Tragédia em Realengo
O mal secreto
O mal secreto
A loucura de Wellington deve nos fazer pensar em nossa própria violência, que, embora mais sutil, pode ser semelhante à dele . O que se passa na mente de um desequilibrado como Wellington Menezes de Oliveira, que ganhou seus 15 minutos de fama assassinando crianças na escola em que estudou? Não se pode saber com certeza, porque nessa esfera de questões não existe prova irrefutável.
Contudo, baseando-nos em fatos conhecidos e em declarações do sujeito, é possível chegar a algumas hipóteses pelo menos plausíveis.
No caso que consterna o País, as informações disponíveis até o momento permitem supor que o rapaz carregava no íntimo uma imensa angústia, com a qual procurou lidar criando um sistema delirante que funcionou por algum tempo, mas acabou por se esboroar sob a pressão de fantasias extremamente ameaçadoras, das quais dão alguma ideia a carta que deixou.
Ela está redigida em longas frases, pontuadas só por vírgulas. As ideias se sucedem como em jorros, e é visível um desespero crescente, manifestado na extensão igualmente crescente dos parágrafos.

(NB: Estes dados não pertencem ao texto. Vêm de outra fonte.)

(* Let $X$ be a Fréchet space. A multifunction $\Gamma:[0,1]\to ck(X)$ is integrable if and only if it is p-integrable. In that case, for every Lebesgue measurable $E\subseteq[0,1]$ the two integrals of $\Gamma$ over $E$ coincide.
   Context: $X$ is a Fréchet space whose topology is generated by an increasing sufficient sequence of seminorms $(p_i)_{i\in\mathbb N}$. $ck(X)$ is the family of nonempty compact convex subsets of $X$. For sets $A,B$, $H_i(A,B)=\max(e_i(A,B),e_i(B,A))$, $e_i(A,B)=\sup_{a\in A}\inf_{b\in B}p_i(a-b)$. $\mu$ is Lebesgue measure, $\mathcal L$ the Lebesgue measurable sets of $[0,1]$. Minkowski addition $A\oplus B=\overline{\{a+b\}}$. A simple multifunction is $\Gamma=\sum_{j=1}^p\chi_{A_j}C_j$ ($A_j\in\mathcal L$ pairwise disjoint, $C_j$ closed bounded convex) and $\int_E\Gamma\,dt:=\sum_j\mu(A_j\cap E)C_j$. Totally measurable: there are simple $\Gamma_n$ with $H_i(\Gamma_n(t),\Gamma(t))\to0$ a.e. for every $i$. Measurable by seminorm: for each $i$ there are simple $\Gamma_n^i$ with $H_i(\Gamma_n^i(t),\Gamma(t))\to0$ a.e. Integrable: $\Gamma$ is totally measurable and there exist simple $\Gamma_n:[0,1]\to ck(X)$ with $H_i(\Gamma_n(t),\Gamma(t))\to0$ a.e. for each $i$ and $\lim_{n,m\to\infty}\int_0^1H_i(\Gamma_n(t),\Gamma_m(t))dt=0$ for each $i$; then for each $E\in\mathcal L$ there is $x_E\in ck(X)$ with $\lim_nH_i(\int_E\Gamma_n dt,x_E)=0$ for each $i$, and $x_E=\int_E\Gamma\,dt$. p-integrable: $\Gamma$ is measurable by seminorm and for every $i$ there are simple $\Gamma_n^i:[0,1]\to ck(X)$ such that $H_i(\Gamma_n^i(\cdot),\Gamma(\cdot))\in L^1([0,1])$, $H_i(\Gamma^i_n(\cdot),\Gamma(\cdot))\to0$ in measure, $\lim_n\int_EH_i(\Gamma_n^i(t),\Gamma(t))dt=0$ for each $E\in\mathcal L$, and there is a unique $x_E\in ck(X)$ with $\lim_nH_i(\int_E\Gamma_n^i dt,x_E)=0$; $x_E$ is the integral $\int_E\Gamma\,dt$. *)

theory Defs
  imports "HOL-Analysis.Analysis"
begin

definition is_seminorm :: "('a::real_vector \<Rightarrow> real) \<Rightarrow> bool" where
  "is_seminorm q \<longleftrightarrow> (\<forall>x. 0 \<le> q x) \<and> (\<forall>c x. q (c *\<^sub>R x) = \<bar>c\<bar> * q x)
     \<and> (\<forall>x y. q (x + y) \<le> q x + q y)"

definition sn_conv :: "(nat \<Rightarrow> 'a::real_vector \<Rightarrow> real) \<Rightarrow> (nat \<Rightarrow> 'a) \<Rightarrow> 'a \<Rightarrow> bool" where
  "sn_conv p f x \<longleftrightarrow> (\<forall>i. (\<lambda>n. p i (f n - x)) \<longlonglongrightarrow> 0)"

definition sn_cauchy :: "(nat \<Rightarrow> 'a::real_vector \<Rightarrow> real) \<Rightarrow> (nat \<Rightarrow> 'a) \<Rightarrow> bool" where
  "sn_cauchy p f \<longleftrightarrow> (\<forall>i. \<forall>e>0. \<exists>N. \<forall>m\<ge>N. \<forall>n\<ge>N. p i (f m - f n) < e)"

definition frechet_seminorms :: "(nat \<Rightarrow> 'a::real_vector \<Rightarrow> real) \<Rightarrow> bool" where
  "frechet_seminorms p \<longleftrightarrow> (\<forall>i. is_seminorm (p i))
     \<and> (\<forall>i x. p i x \<le> p (Suc i) x)
     \<and> (\<forall>x. (\<forall>i. p i x = 0) \<longrightarrow> x = 0)
     \<and> (\<forall>f. sn_cauchy p f \<longrightarrow> (\<exists>x. sn_conv p f x))"

text \<open>The topology is metrizable, so closure/compactness can be expressed by sequences.\<close>
definition sn_closure :: "(nat \<Rightarrow> 'a::real_vector \<Rightarrow> real) \<Rightarrow> 'a set \<Rightarrow> 'a set" where
  "sn_closure p S = {x. \<exists>f. (\<forall>n. f n \<in> S) \<and> sn_conv p f x}"

definition sn_closed :: "(nat \<Rightarrow> 'a::real_vector \<Rightarrow> real) \<Rightarrow> 'a set \<Rightarrow> bool" where
  "sn_closed p C \<longleftrightarrow> sn_closure p C \<subseteq> C"

definition sn_bounded :: "(nat \<Rightarrow> 'a::real_vector \<Rightarrow> real) \<Rightarrow> 'a set \<Rightarrow> bool" where
  "sn_bounded p C \<longleftrightarrow> (\<forall>i. \<exists>M. \<forall>x\<in>C. p i x \<le> M)"

definition sn_compact :: "(nat \<Rightarrow> 'a::real_vector \<Rightarrow> real) \<Rightarrow> 'a set \<Rightarrow> bool" where
  "sn_compact p C \<longleftrightarrow> (\<forall>f. (\<forall>n. f n \<in> C) \<longrightarrow>
      (\<exists>(r::nat \<Rightarrow> nat) x. strict_mono r \<and> x \<in> C \<and> sn_conv p (f \<circ> r) x))"

definition ck :: "(nat \<Rightarrow> 'a::real_vector \<Rightarrow> real) \<Rightarrow> 'a set set" where
  "ck p = {C. C \<noteq> {} \<and> convex C \<and> sn_compact p C}"

definition cbc :: "(nat \<Rightarrow> 'a::real_vector \<Rightarrow> real) \<Rightarrow> 'a set set" where
  "cbc p = {C. C \<noteq> {} \<and> convex C \<and> sn_closed p C \<and> sn_bounded p C}"

definition excess :: "(nat \<Rightarrow> 'a::real_vector \<Rightarrow> real) \<Rightarrow> nat \<Rightarrow> 'a set \<Rightarrow> 'a set \<Rightarrow> real" where
  "excess p i A B = (SUP a\<in>A. INF b\<in>B. p i (a - b))"

definition hausd :: "(nat \<Rightarrow> 'a::real_vector \<Rightarrow> real) \<Rightarrow> nat \<Rightarrow> 'a set \<Rightarrow> 'a set \<Rightarrow> real" where
  "hausd p i A B = max (excess p i A B) (excess p i B A)"

definition msum :: "(nat \<Rightarrow> 'a::real_vector \<Rightarrow> real) \<Rightarrow> 'a set \<Rightarrow> 'a set \<Rightarrow> 'a set" where
  "msum p A B = sn_closure p {a + b | a b. a \<in> A \<and> b \<in> B}"

definition sscale :: "real \<Rightarrow> 'a::real_vector set \<Rightarrow> 'a set" where
  "sscale c A = (\<lambda>x. c *\<^sub>R x) ` A"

Não se trata, é óbvio, de erro de redação: o pensamento tentou se focar, porém a angústia era tão avassaladora que acabou se sobrepondo ao esforço intelectual para a dominar. A repetição dos temas, e um certo grau de incoerência na escrita, dão testemunho desse fracasso.
Do que Wellington tinha tanto pavor? Nada deixa pensar que fosse de extraterrestres, do Juízo Final ou de outras coisas frequentes em delírios paranoicos.
A abertura falando das "mãos impuras dos adúlteros", o pedido para ser lavado (das suas próprias impurezas?) e envolvido num lençol branco, as referências à castidade, sugerem que era a sexualidade que ele temia, e em primeiro lugar, como assinalou Barbara Gancia na Folha de S. Paulo, da sua própria.
Sexualidade que, a julgar pela menção enfática à sua virgindade, não chegou a ser exercida com outrem.
A solicitação para ser enterrado ao lado da mãe nos dá uma pista sobre qual poderia ser o objeto dela. Tudo indica a existência de poderosas fantasias incestuosas, das quais talvez o rapaz tivesse algum vislumbre consciente.
Que não se trata de piedade nem de amor filial comum, como poderia ser o caso em outras circunstâncias, pode ser deduzido da convocação ao "fiel seguidor de Deus", no masculino, cuja prece ao lado das duas sepulturas (pois uma ficaria junto à outra) teria o condão de o fazer ser perdoado "pelo que fez".
A meu ver, isso não alude ao crime que pretendia praticar, mas aos desejos incestuosos, e o "seguidor de Deus" seria o pai de Wellington - ou, como este já falecera, um representante dele.